The union trots out a 300 person relay committee to be told what they should already know. Yet, those that serve us, our
representatives, are appointed for us. And our union claims this is democracy? We get scraps from the table, as they feast on.
“To be effective,” Weingarten noted in a letter urging members to join the campaign, “we must understand that the union is all of us; it is the members who are the union .… Our goal is to use this bitter recent contract struggle, and the ratification debate that followed, to build a stronger, more unified and more militant union membership that is prepared for the challenges that lie ahead.”
At the first meeting of the volunteers, which was held recently at union headquarters, Weingarten laid out plans for building union activism chapter by chapter and school by school in what she hopes will result in “an intense engagement and involvement of members with each other, with parents and with the community.”
To that end, she suggested a plan to expand the negotiating team to about 300 members who will represent every district and aspect of the educational community at the bargaining table.
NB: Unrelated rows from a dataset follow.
(* Let $k\ge3$ be odd and $p_k^\star<p\le1$. There exists $\varepsilon=\varepsilon(p,k)>0$ such that for every finite graph $G=(V,E)$ without isolated vertices, every round $t\ge0$, every configuration $\bar{\mathbf x}$ and every $u\in V$, under the $(k,p,\mathcal B)$-Edge-Majority dynamics, $$\mathbb E\big[\phi_u^{(t+1)}\mid \mathbf X^{(t)}=\bar{\mathbf x}\big]\le(1-\varepsilon)\,\phi_{\max}^{(t)}.$$
   Context: $N(u)$ is the neighbourhood of $u$, $\delta_u=|N(u)|$. States are in $\{\mathcal R,\mathcal B\}$; $\mathbf X^{(t)}$ is the configuration at round $t$, $R^{(t)}$ the set of $\mathcal R$ nodes, $\phi_u^{(t)}=|N(u)\cap R^{(t)}|/\delta_u$ and $\phi^{(t)}_{\max}=\max_{u\in V}\phi_u^{(t)}$. $(k,p,\mathcal B)$-Edge-Majority: in each round every node $u$ independently samples $k$ neighbours uniformly with replacement; for each sampled $v$, independently, $u$ sees $v$ as $\mathcal B$ with probability $p$ and otherwise sees $v$'s true current state; $u$'s next state is the state seen more often. $F_{p,k}(x)=\Pr[\mathrm{Bin}(k,(1-p)x)\ge(k+1)/2]$. $p_k^\star\in[1/9,1/2)$ is the (unique) value such that for $0\le p<p_k^\star$ the equation $F_{p,k}(x)=x$ on $[0,1]$ has exactly three solutions, for $p=p_k^\star$ exactly two, and for $p>p_k^\star$ only $0$. *)

theory Defs
  imports "HOL-Probability.Probability"
begin

text \<open>A finite graph on vertex set V (vertices are natural numbers, which is no loss
of generality since every finite graph is isomorphic to one on a subset of nat),
with symmetric, irreflexive adjacency relation E.  A configuration is a map
x :: nat => bool, where True means state R and False means state B.\<close>

definition is_graph :: "nat set \<Rightarrow> (nat \<Rightarrow> nat \<Rightarrow> bool) \<Rightarrow> bool" where
  "is_graph V E \<longleftrightarrow> finite V \<and> (\<forall>v w. E v w \<longrightarrow> v \<in> V \<and> w \<in> V \<and> E w v \<and> v \<noteq> w)"

definition nbhd :: "nat set \<Rightarrow> (nat \<Rightarrow> nat \<Rightarrow> bool) \<Rightarrow> nat \<Rightarrow> nat set" where
  "nbhd V E u = {v \<in> V. E u v}"

definition deg :: "nat set \<Rightarrow> (nat \<Rightarrow> nat \<Rightarrow> bool) \<Rightarrow> nat \<Rightarrow> nat" where
  "deg V E u = card (nbhd V E u)"

definition phi :: "nat set \<Rightarrow> (nat \<Rightarrow> nat \<Rightarrow> bool) \<Rightarrow> (nat \<Rightarrow> bool) \<Rightarrow> nat \<Rightarrow> real" where
  "phi V E x u = real (card {v \<in> nbhd V E u. x v}) / real (deg V E u)"

definition phi_max :: "nat set \<Rightarrow> (nat \<Rightarrow> nat \<Rightarrow> bool) \<Rightarrow> (nat \<Rightarrow> bool) \<Rightarrow> real" where
  "phi_max V E x = Max ((\<lambda>u. phi V E x u) ` V)"

definition seen_sample :: "nat set \<Rightarrow> (nat \<Rightarrow> nat \<Rightarrow> bool) \<Rightarrow> real \<Rightarrow> (nat \<Rightarrow> bool) \<Rightarrow> nat \<Rightarrow> bool pmf" where
  "seen_sample V E p x u =
     do { v \<leftarrow> pmf_of_set (nbhd V E u);
          noise \<leftarrow> bernoulli_pmf p;
          return_pmf (\<not> noise \<and> x v) }"

definition next_state :: "nat set \<Rightarrow> (nat \<Rightarrow> nat \<Rightarrow> bool) \<Rightarrow> nat \<Rightarrow> real \<Rightarrow> (nat \<Rightarrow> bool) \<Rightarrow> nat \<Rightarrow> bool pmf" where
  "next_state V E k p x u =
     map_pmf (\<lambda>l. 2 * length (filter id l) \<ge> k + 1) (replicate_pmf k (seen_sample V E p x u))"

text \<open>One round of (k,p,B)-Edge-Majority: all nodes update independently.
(Coordinates outside V are irrelevant and fixed to False.)\<close>
definition edge_majority_step :: "nat set \<Rightarrow> (nat \<Rightarrow> nat \<Rightarrow> bool) \<Rightarrow> nat \<Rightarrow> real \<Rightarrow> (nat \<Rightarrow> bool) \<Rightarrow> (nat \<Rightarrow> bool) pmf" where
  "edge_majority_step V E k p x = Pi_pmf V False (\<lambda>u. next_state V E k p x u)"

definition F :: "real \<Rightarrow> nat \<Rightarrow> real \<Rightarrow> real" where
  "F p k x = measure_pmf.prob (binomial_pmf k ((1 - p) * x)) {j. 2 * j \<ge> k + 1}"

definition fixpoints :: "real \<Rightarrow> nat \<Rightarrow> real set" where
  "fixpoints p k = {x \<in> {0..1}. F p k x = x}"

definition p_star :: "nat \<Rightarrow> real" where
  "p_star k = (THE q. 1/9 \<le> q \<and> q < 1/2
      \<and> (\<forall>p. 0 \<le> p \<and> p < q \<longrightarrow> card (fixpoints p k) = 3)
      \<and> card (fixpoints q k) = 2
      \<and> (\<forall>p. q < p \<and> p \<le> 1 \<longrightarrow> fixpoints p k = {0}))"

end

theory Submission
  imports Defs
begin

(*
  For k = 2n+1 one has F_{p,k}(x) = G((1-p)x), where G(y) = P[Bin(2n+1,y) > n] has derivative
  (2n+1) C(2n,n) (y(1-y))^n.  The numerator y G'(y) - G(y) of the derivative of G(y)/y increases
  on [0,1/2] and decreases on [1/2,1], from 0 to -1, so G(y)/y is strictly unimodal on (0,1] with
  maximum M in [9/8,2).  The nonzero fixed points of F_{p,k} are the points y/(1-p) with
  G(y)/y = 1/(1-p); counting them shows p_k^* = 1 - 1/M.  Hence for p > p_k^* we have
  F_{p,k}(x) <= (1-p) M x with (1-p) M < 1, and since E[phi_u^(t+1)] is the average of
  F_{p,k}(phi_v) over the neighbours v of u, epsilon = 1 - (1-p) M works.
*)

section \<open>Strictly unimodal real functions\<close>

lemma strict_mono_on_if_deriv_pos:
  fixes f f' :: "real \<Rightarrow> real"
  assumes S: "is_interval S"
    and deriv: "\<And>x. x \<in> S \<Longrightarrow> (f has_real_derivative f' x) (at x)"
    and pos: "\<And>x. x \<in> interior S \<Longrightarrow> 0 < f' x"
  shows "strict_mono_on S f"
proof (rule strict_mono_onI)
  fix r s assume rs: "r \<in> S" "s \<in> S" "r < s"
  have sub: "{r..s} \<subseteq> S"
    using mem_is_interval_1_I[OF S rs(1,2)] by auto
  then have "{r<..<s} \<subseteq> interior S" by (intro interior_maximal) auto
  then have "\<exists>y. (f has_real_derivative y) (at x) \<and> 0 < y" if "r < x" "x < s" for x
    using that sub deriv pos by (meson greaterThanLessThan_iff subsetD atLeastAtMost_iff less_imp_le)
  moreover have "continuous_on {r..s} f"
    using sub deriv by (meson DERIV_isCont continuous_at_imp_continuous_on subsetD)
  ultimately show "f r < f s"
    using DERIV_pos_imp_increasing_open[OF \<open>r < s\<close>] by blast
qed

lemma strict_antimono_on_if_deriv_neg:
  fixes f f' :: "real \<Rightarrow> real"
  assumes "is_interval S"
    and "\<And>x. x \<in> S \<Longrightarrow> (f has_real_derivative f' x) (at x)"
    and "\<And>x. x \<in> interior S \<Longrightarrow> f' x < 0"
  shows "strict_antimono_on S f"
proof -
  have "strict_mono_on S (\<lambda>x. - f x)"
    using assms by (intro strict_mono_on_if_deriv_pos[where f' = "\<lambda>x. - f' x"] DERIV_minus) auto
  then show ?thesis
    by (auto intro!: monotone_onI dest: strict_mono_onD)
qed

lemma unimodal_less_peak:
  fixes f :: "real \<Rightarrow> real"
  assumes "strict_mono_on {a<..c} f" "strict_antimono_on {c..b} f"
    and "y \<in> {a<..b}" "y \<noteq> c"
  shows "f y < f c"
proof (cases "y < c")
  case True
  then show ?thesis using assms by (auto intro: strict_mono_onD)
next
  case False
  then show ?thesis using assms by (auto intro: monotone_onD)
qed

lemma card_level_set_unimodal:
  fixes f :: "real \<Rightarrow> real"
  assumes inc: "strict_mono_on {a<..c} f" and dec: "strict_antimono_on {c..b} f"
    and cont: "continuous_on {d..b} f" and "a < d" "d < c" "c < b"
    and L: "f d \<le> L" "f b \<le> L" "L < f c"
  shows "card {y \<in> {a<..b}. f y = L} = 2"
proof -
  obtain y1 where y1: "d \<le> y1" "y1 \<le> c" "f y1 = L"
    using IVT'[of f d L c] continuous_on_subset[OF cont] assms by fastforce
  obtain y2 where y2: "c \<le> y2" "y2 \<le> b" "f y2 = L"
    using IVT2'[of f b L c] continuous_on_subset[OF cont] assms by fastforce
  have "y1 < c" "c < y2"
    using y1 y2 L by (auto simp: order.order_iff_strict)
  have "{y \<in> {a<..b}. f y = L} = {y1, y2}"
  proof (intro set_eqI iffI)
    fix y assume y: "y \<in> {y \<in> {a<..b}. f y = L}"
    show "y \<in> {y1, y2}"
    proof (cases "y \<le> c")
      case True
      then have "y = y1"
        using strict_mono_on_eqD[OF inc, of y1 y] y y1 \<open>a < d\<close> by auto
      then show ?thesis by simp
    next
      case False
      then have "y = y2"
        using dec y y2 by (auto simp: strict_antimono_iff_antimono dest: inj_onD[of f _ y y2])
      then show ?thesis by simp
    qed
  qed (use y1 y2 \<open>a < d\<close> \<open>c < b\<close> in auto)
  then show ?thesis using \<open>y1 < c\<close> \<open>c < y2\<close> by simp
qed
The new negotiators, in turn, will be responsible for informing and soliciting feedback from the schools that each member will be assigned.
“All too often in the contract ratification debate we heard from members who said they never heard from the union before and the union does not listen to them,” Weingarten said. “This is a way of correcting that to ensure that there exists effective communication back and forth about what’s really going on.”
Our UFT leadership has recently fronted a new militancy, and it seems that our leadership has realized that it is out of touch with the members. It is an astounding admission of failure for the President of our union to say that there are “members who said they never heard from the union before and the union does not listen to them.” Perhaps recognizing the problem is the first step, but will the 300 person negotiating relay team change that? It remains to be seen. But this smacks of the same distraction as the Stossel hype. And are our leaders really so disconnected from us that they don’t know the difficulty of teaching five classes, of coverages, of 6R, of letters in the file from administrators that have taught two years or less, of being trapped in a terrible school with no guarantee of getting out? If they need a relay committee for this knowledge, then apparently so. The power of not teaching five (or more), with a double salary and a double pension, has disconnected them from us. They live as nobility; we live as peasants. Their job seems to have become their own maintenance, not our best interest.
As much as we might like to believe this new attempt at democracy and militancy, it is not without irony when our leaders states:
“we must understand that the union is all of us; it is the members who are the union.” Apparently they just noticed this. Well, we will believe in this new deal when Randi gives the power to elect District Representatives to the members, and not before. They are supposed to represent us, not her.
But that day is not here. There is an opening for a District 20 Representative right now. And as Robert Astrowsky (Brooklyn Borough Representative) writes:
“Per UFT Policy and Executive Board action, all current District Representatives are appointed in place by UFT President Randi Weingarten. Vacancies for the District Representative position will be appointed by the UFT President…” (February 28, 2006).
The union trots out a 300 person relay committee to be told what they should already know. Yet, those that serve us, our
representatives, are appointed for us. And our union claims this is democracy? We get scraps from the table, as they feast on.